BAYAZITOĞULLARI AİLESİ- KAHRAMAN MARAŞ

 

Dr. Nazif Öztürk Vakıflar Dergisinin 26. Sayısındaki (1997) makalesinde belirtiğine göre Dulkadir oğuları beyliğinin sona ermesinden sonra Maraş’a iskan edilen Bayazıtoğulları kabilesinin reisi Ali İskender Bey oğlu Hacı Abdullah Bey 1601 yılında vefat etmiş, nislinden gelen oğul ve torunları tarafından hayri ve zürri vakıflar kurulmuştur. Kahramanmaraş'la ilgili yayınların bir kısmında "Bayazıtoğlulları Vakıflarından ya hiç bahsedilmediğini veya "Bayazıtoğulları Tarihi ve Albümü" kitabında olduğu gibi bu sülaleye mensup kimselerin kurduğu vakıfların sayısı 2 olarak gösterildiğini belirten Nazif Öztürk yaptığı araştırmalar sonucunda VGM arşivlerinde adı geçen aileye ait akar ve hayratı olan 4 vakfiye bulmuştur. Bu vakıflar H.1027 tarihli İskenderoğlu Bayazıt, H.1221 tarihli Kalender Paşa, H.1253 tarihli Süleyman Paşa ve H.1279 tarihli Ahmet Paşa'nın kurduğu vakıflardır.

 

İSKENDEROĞLU BAYEZİD VAKFI

 

            1607 tarihli vakfiye de vakıf kurucusu olarak “el-Hac Bayezid bin İskender el Meraşi” ismi zikredilmekte olup hayri ve zürri türünde bir vakıftır.  (Makalenin yayınlandığı tarihte vakıf mütevellisi Bayazıtoğulları ailesinden Sadık Bayazıt’tır. Vakfiyeye göre İskender bin Bayezid vakfı Bayazıtlı camii, medrese ve mektepten oluşan bir külliyedir. Dr. Nazif Öztürk’ün araştırmasına göre külliye Hacı Abdullah Bey’in aile reisliği zamanında inşa edilmiş, ölümünden sonra çocukları tarafından adına vakıf kurulmuştur. Vakfa ait cami günümüzde faal olmasın rağmen mektep ve medrese günümüze ulaşamamıştır. Vakıf şartlarına göre Hazinedarlı mahalle mescidi imamı iki cüz Kur’an okuyarak birinin sevabını Hz. Peygamber’in (sav) ruhu şeriflerine, ikinci cüzü ise babası, anası ve diğer akrabai taallukatının ervahına hediye edecektir. Bir diğer vakıf şartına göre ise 20 cüz daha okunacak, 1. Cüzün sevabı Hz. Peygamber’imizin (sav), 2 cüzün sevabı validesinin, 3 cüzün sevabı ise vakfın binasında, arsasında, ağaçlarında hatta taşlarında hakkı bulunan kimselerin ruhuna, kalan 17 cüzün sevbı da kendi ruhuna bağışlanacaktır.

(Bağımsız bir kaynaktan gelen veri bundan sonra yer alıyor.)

lemma independent_cone_edges_iff:
  assumes "z \<notin> W"
  shows "independent W (E \<union> {{z, c} | c. c \<in> C}) F \<longleftrightarrow> independent W E F"
  using assms by (auto simp: independent_def ball_cone_edges_iff)

lemma independent_cone_iff:
  assumes "z \<notin> V" "C \<subseteq> V" "\<forall>e\<in>E. e \<subseteq> V"
  shows "independent (insert z V) (E \<union> {{z, c} | c. c \<in> C}) F \<longleftrightarrow>
    (if z \<in> F then independent (V - C) E (F - {z}) else independent V E F)"
proof (cases "z \<in> F")
  case True
  have "e \<subseteq> F \<longleftrightarrow> e \<subseteq> F - {z}" if "e \<in> E" for e
    using assms(1,3) that by blast
  moreover have "{z, c} \<subseteq> F \<longleftrightarrow> c \<in> F - {z}" if "c \<in> C" for c
    using True assms(1,2) that by auto
  ultimately show ?thesis
    using True assms(1,2) unfolding independent_def ball_cone_edges_iff by auto
next
  case False
  then show ?thesis unfolding independent_def ball_cone_edges_iff by auto
qed

lemma independence_number_cone:
  assumes "finite V" "z \<notin> V" "C \<subseteq> V" "\<forall>e\<in>E. card e = 2 \<and> e \<subseteq> V"
  shows "independence_number (insert z V) (E \<union> {{z, c} | c. c \<in> C}) =
    max (independence_number V E) (independence_number (V - C) E + 1)"
proof -
  let ?E = "E \<union> {{z, c} | c. c \<in> C}"
  have cone_iff: "independent (insert z V) ?E F \<longleftrightarrow>
      (if z \<in> F then independent (V - C) E (F - {z}) else independent V E F)" for F
    using assms(4) by (intro independent_cone_iff assms(2,3)) blast
  have "{} \<notin> E" using assms(4) by force
  then obtain A B where A: "independent V E A" "card A = independence_number V E"
    and B: "independent (V - C) E B" "card B = independence_number (V - C) E"
    using independence_number_attained assms(1) by (metis finite_Diff)
  have "z \<notin> A" "z \<notin> B" "finite B"
    using A(1) B(1) assms(1,2) finite_independent[OF _ B(1)] by (auto simp: independent_def)
  show ?thesis
  proof (rule independence_number_eqI)
    fix F assume F: "independent (insert z V) ?E F"
    show "card F \<le> max (independence_number V E) (independence_number (V - C) E + 1)"
    proof (cases "z \<in> F")
      case True
      then have "card (F - {z}) \<le> independence_number (V - C) E"
        using F cone_iff card_le_independence_number[of "V - C" E "F - {z}"] assms(1) by simp
      moreover have "card F = card (F - {z}) + 1"
        using card_Suc_Diff1[OF finite_independent[OF _ F] True] assms(1) by simp
      ultimately show ?thesis by simp
    next
      case False
      then have "independent V E F" using F cone_iff by simp
      then show ?thesis using card_le_independence_number[OF assms(1)] by (simp add: le_max_iff_disj)
    qed
  next
    let ?M = "if independence_number V E \<le> independence_number (V - C) E + 1 then insert z B else A"
    show "independent (insert z V) ?E ?M"
      using A(1) B(1) \<open>z \<notin> A\<close> \<open>z \<notin> B\<close> cone_iff by simp
    show "card ?M = max (independence_number V E) (independence_number (V - C) E + 1)"
      using A(2) B(2) \<open>z \<notin> B\<close> \<open>finite B\<close> by simp
  qed (use assms(1) in simp)
qed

            İskender bin Bayezid vakfiyesine müderrisin özellikleri de özellikle belirtilmiştir. Vakıf bu hizmetler dışında yetimlere, 40 çift ayakkabı, 40 dikilmiş gömlek alınmasını, mevlid kandilinde fukara ve miskinlere ziyafet çekilmesini, Sultan kal’ası ve Saraçlar çarşısı su yollarının tamir edilmesini, Seyyid Kalender kahvesi yanındaki su oluğunu tamirat ve bakımını, tamirat gerekmiyorsa bu miktarın gelecek yıla devrini de şart koşmuştur. Yine değirmen akaratından sağlanan gelirden ayrılacak 16 altının 12’sinin Ravza-i Mutahhara’daki görevli şeyh Efendiye Mescid-i Nebbevi’nin ihtiyaçlarına kalan bir altının ise Medine fukarasına dağıtılması şart koşulmuştu. Nazif Öztürk’ün belirtiğine göre İskender bin Bayezd vakfı 380 yıldır faal olarak çalışmaktadır ve 1995 yılında 494.918.000 liranın üzerinde harcama yapmıştır.

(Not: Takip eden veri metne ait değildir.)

lemma sier_adj_drop_last_two:
  assumes "sier_adj E n u v" "2 \<le> n" "u ! (n - 2) \<noteq> u ! (n - 1)"
  shows "take (n - 2) u = take (n - 2) v \<and> sier_adj E 2 (drop (n - 2) u) (drop (n - 2) v)"
proof -
  obtain d where d: "sier_adj_at E n d u v"
    using assms(1) unfolding sier_adj_iff_ex_sier_adj_at by blast
  have "n - 2 \<le> d"
  proof (rule ccontr)
    assume "\<not> n - 2 \<le> d"
    then have "u ! (n - 2) = v ! d" "u ! (n - 1) = v ! d"
      using d unfolding sier_adj_at_def by auto
    then show False using assms(3) by simp
  qed
  moreover have "n - (n - 2) = 2" using assms(2) by simp
  ultimately show ?thesis
    using sier_adj_at_drop[OF d] unfolding sier_adj_iff_ex_sier_adj_at by metis
qed

lemma sier_common_neighbour_drop_last_two:
  assumes "sier_adj E n u x" "sier_adj E n u' x" "2 \<le> n" "u \<noteq> u'"
    and "u ! (n - 2) \<noteq> u ! (n - 1)" "u' ! (n - 2) \<noteq> u' ! (n - 1)"
  shows "drop (n - 2) u \<noteq> drop (n - 2) u'
    \<and> sier_adj E 2 (drop (n - 2) u) (drop (n - 2) x) \<and> sier_adj E 2 (drop (n - 2) u') (drop (n - 2) x)"
  using sier_adj_drop_last_two[OF assms(1,3,5)] sier_adj_drop_last_two[OF assms(2,3,6)] assms(4)
  by (metis append_take_drop_id)

lemma sier_adj_at_position_unique:
  assumes irrefl: "\<And>a. \<not> E a a"
    and "sier_adj_at E n d u x" "sier_adj_at E n d' u' x" "d < n - 1" "d' < n - 1"
  shows "d = d'"
proof -
  have False if "sier_adj_at E n d u x" "sier_adj_at E n d' u' x" "d < d'" "d' < n - 1"
    for d d' u u'
  proof -
    have "x ! d' = u ! d" "x ! (n - 1) = u ! d" "u' ! d' = x ! (n - 1)"
      using that unfolding sier_adj_at_def by auto
    then show False using that(2) irrefl unfolding sier_adj_at_def by metis
  qed
  then show ?thesis using assms(2-5) by (metis linorder_neqE_nat)
qed

lemma sier_adj_repeat_ending_position:
  assumes irrefl: "\<And>a. \<not> E a a"
    and d: "sier_adj_at E n d u x" and "2 \<le> n" "u ! (n - 2) = u ! (n - 1)"
  shows "d = n - 1 \<longleftrightarrow> x ! (n - 2) \<noteq> x ! (n - 1)"
proof (cases "d = n - 1")
  case True
  then have "u ! (n - 2) = x ! (n - 2)" "E (u ! (n - 1)) (x ! (n - 1))"
    using d assms(3) unfolding sier_adj_at_def by auto
  then show ?thesis using True assms(4) irrefl by metis
next
  case False
  have "d \<noteq> n - 2"
  proof
    assume "d = n - 2"
    then have "u ! (n - 1) = x ! d" "E (u ! d) (x ! d)"
      using d assms(3) unfolding sier_adj_at_def by auto
    then show False using \<open>d = n - 2\<close> assms(4) irrefl by metis
  qed
  with False have "d < n - 2" using d unfolding sier_adj_at_def by auto
  then have "x ! (n - 2) = u ! d" "x ! (n - 1) = u ! d"
    using d unfolding sier_adj_at_def by simp_all
  then show ?thesis using False by simp
qed

lemma sier_common_neighbour_repeat_ending_unique:
  assumes irrefl: "\<And>a. \<not> E a a"
    and "sier_adj E n u x" "sier_adj E n u' x" "2 \<le> n"
    and "u ! (n - 2) = u ! (n - 1)" "u' ! (n - 2) = u' ! (n - 1)"
  shows "u = u'"
proof -
  obtain d d' where d: "sier_adj_at E n d u x" and d': "sier_adj_at E n d' u' x"
    using assms(2,3) unfolding sier_adj_iff_ex_sier_adj_at by blast
  note pos = sier_adj_repeat_ending_position[OF irrefl d assms(4,5)]
    sier_adj_repeat_ending_position[OF irrefl d' assms(4,6)]
  show ?thesis
  proof (cases "x ! (n - 2) = x ! (n - 1)")
    case True
    then have "d < n - 1" "d' < n - 1"
      using pos d d' unfolding sier_adj_at_def by auto
    then have "d' = d" "u ! d = x ! (n - 1)" "u' ! d = x ! (n - 1)"
      using sier_adj_at_position_unique[OF irrefl d d'] d d' unfolding sier_adj_at_def by auto
    then show ?thesis using sier_adj_at_unique[OF d] d' by simp
  next
    case False
    then have "d = n - 1" "d' = n - 1" using pos by simp_all
    then have "u ! d = x ! (n - 2)" "u' ! d = x ! (n - 2)"
      using d d' assms(4-6) unfolding sier_adj_at_def by auto
    then show ?thesis using sier_adj_at_unique[OF d] d' \<open>d = n - 1\<close> \<open>d' = n - 1\<close> by simp
  qed
qed

lemma inj_chrom_sier_mono:
  assumes "finite V" "0 < k" "k \<le> n"
  shows "inj_chrom (sier_verts V k) (sier_adj E k) \<le> inj_chrom (sier_verts V n) (sier_adj E n)"
proof -
  define w where "w = replicate (n - k) (SOME a. a \<in> V)"
  have n: "length w + k = n" using assms(3) unfolding w_def by simp
  have "w @ u \<in> sier_verts V n" if "u \<in> sier_verts V k" for u
  proof -
    from that assms(2) have "V \<noteq> {}" unfolding sier_verts_def by (cases u) auto
    then have "set w \<subseteq> V" unfolding w_def by (simp add: set_replicate_conv_if some_in_eq)
    then show ?thesis using append_in_sier_verts[OF _ that] n by metis
  qed
  moreover have "sier_adj E n (w @ u) (w @ v)" if "sier_adj E k u v" for u v
    using sier_adj_append[OF that, of w] n by simp
  ultimately show ?thesis
    using finite_sier_verts[OF assms(1)]
    by (intro inj_chrom_le_of_embedding[where h = "(@) w"]) (auto simp: inj_on_def)
qed

lemma inj_chrom_sier_le_Suc:
  assumes "finite V" "\<And>a. \<not> E a a" "2 \<le> n"
  shows "inj_chrom (sier_verts V n) (sier_adj E n) \<le> inj_chrom (sier_verts V 2) (sier_adj E 2) + 1"
proof (rule inj_chrom_le_Suc_of_projection[OF finite_sier_verts[OF assms(1)],
      where R = "{u. u ! (n - 2) = u ! (n - 1)}"])
  have drop: "drop (n - 2) u \<in> sier_verts V 2" if "u \<in> sier_verts V n" for u
    using drop_in_sier_verts[OF that, of "n - 2"] assms(3) by simp
  then show "drop (n - 2) ` (sier_verts V n - {u. u ! (n - 2) = u ! (n - 1)}) \<subseteq> sier_verts V 2"
    by blast
  fix u u' x assume "x \<in> sier_verts V n" "sier_adj E n u x" "sier_adj E n u' x" "u \<noteq> u'"
    and "u \<in> sier_verts V n - {u. u ! (n - 2) = u ! (n - 1)}"
    and "u' \<in> sier_verts V n - {u. u ! (n - 2) = u ! (n - 1)}"
  then show "drop (n - 2) u \<noteq> drop (n - 2) u'
    \<and> (\<exists>y\<in>sier_verts V 2. sier_adj E 2 (drop (n - 2) u) y \<and> sier_adj E 2 (drop (n - 2) u') y)"
    using sier_common_neighbour_drop_last_two[OF _ _ assms(3)] drop by blast
qed (use sier_common_neighbour_repeat_ending_unique[where E = E, OF assms(2) _ _ assms(3)] in auto)

theorem mainTheorem1:
  fixes V :: "'a set" and E :: "'a \<Rightarrow> 'a \<Rightarrow> bool" and n :: nat
  assumes "simple_graph V E" and "n \<ge> 2"
  shows "inj_chrom (sier_verts V 2) (sier_adj E 2) \<le> inj_chrom (sier_verts V n) (sier_adj E n)
       \<and> inj_chrom (sier_verts V n) (sier_adj E n) \<le> inj_chrom (sier_verts V 2) (sier_adj E 2) + 1"
proof -
  have fin: "finite V" and irrefl: "\<And>a. \<not> E a a"
    using assms(1) unfolding simple_graph_def by blast+
  show ?thesis
    using inj_chrom_sier_mono[of V 2 n E] inj_chrom_sier_le_Suc[of V E n] fin irrefl assms(2)
    by simp
qed

end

BAYAZITOĞLU KALENDER PAŞA VAKFI

 

             Ailenin kurucusu Hacı Abdullah Bey’in torununu oğlu olan Kalendir Paşa Maraş, Ayntab, Rakka, Şam ve Diyarbakır vliliklerinde bulunmuş ve 1806 tarihli vakfını ikinci Maraş valiliğinde tesis etmiştir. Kalender Paşa mülkiyetinde bulunan pek çok dükkanı Hacı Abdullah Bey camiinin avlusunda yeniden yaptırdığı dershane ve 32 odalı medrese için vakfetmişti. Vakfiyesinde vakıf görevlileri için belirlediği vazife ve ücretleri ayrıntılı biçimde tek tek belirtmiş geriye kalan gelirlerin ise medrese talebelerine dağıtılmasını şart koşmuştu.  Kalender Paşa vakfı sahih ve irşat karışımı bir vakıftır ve medreselerin kapatılması sebebiyle talep üzerine 6.7.1938 tarih ve 763/682 sayılı Vakıflar İdare Meclisi kararıyla mazbut vakıf statüsüne alınmıştır. 

     

BAYAZITOĞLU SÜLEYMAN PAŞA VAKFI

 

Bayazıtoğulları tarihinin yazarı Bekir Sami Bayazıt’a göre Süleyman Paşa Kalender Paşa’nın oğludur. Süleyman Paşa Allah rızası için Çay hamamının tamamını, Hatuniye mahallesindeki yeni han ve yeni çarşının 40 sehiminden birini vakfetmişti. Vakıf şartı ise gelirlerle öncelikli olarak akarların tamir edilmesi ve dört cüz okunarak isimleri vakfiyede zikredilen ecdadına hediye edilmesidir. Öztürk’ün yaptığı araştırmalara göre Kalender Paşa ve Süleyman Paşa vakıflarının günümüzde mülkiyetlerinde her hangi bir taşınmaz bulunmamaktadır.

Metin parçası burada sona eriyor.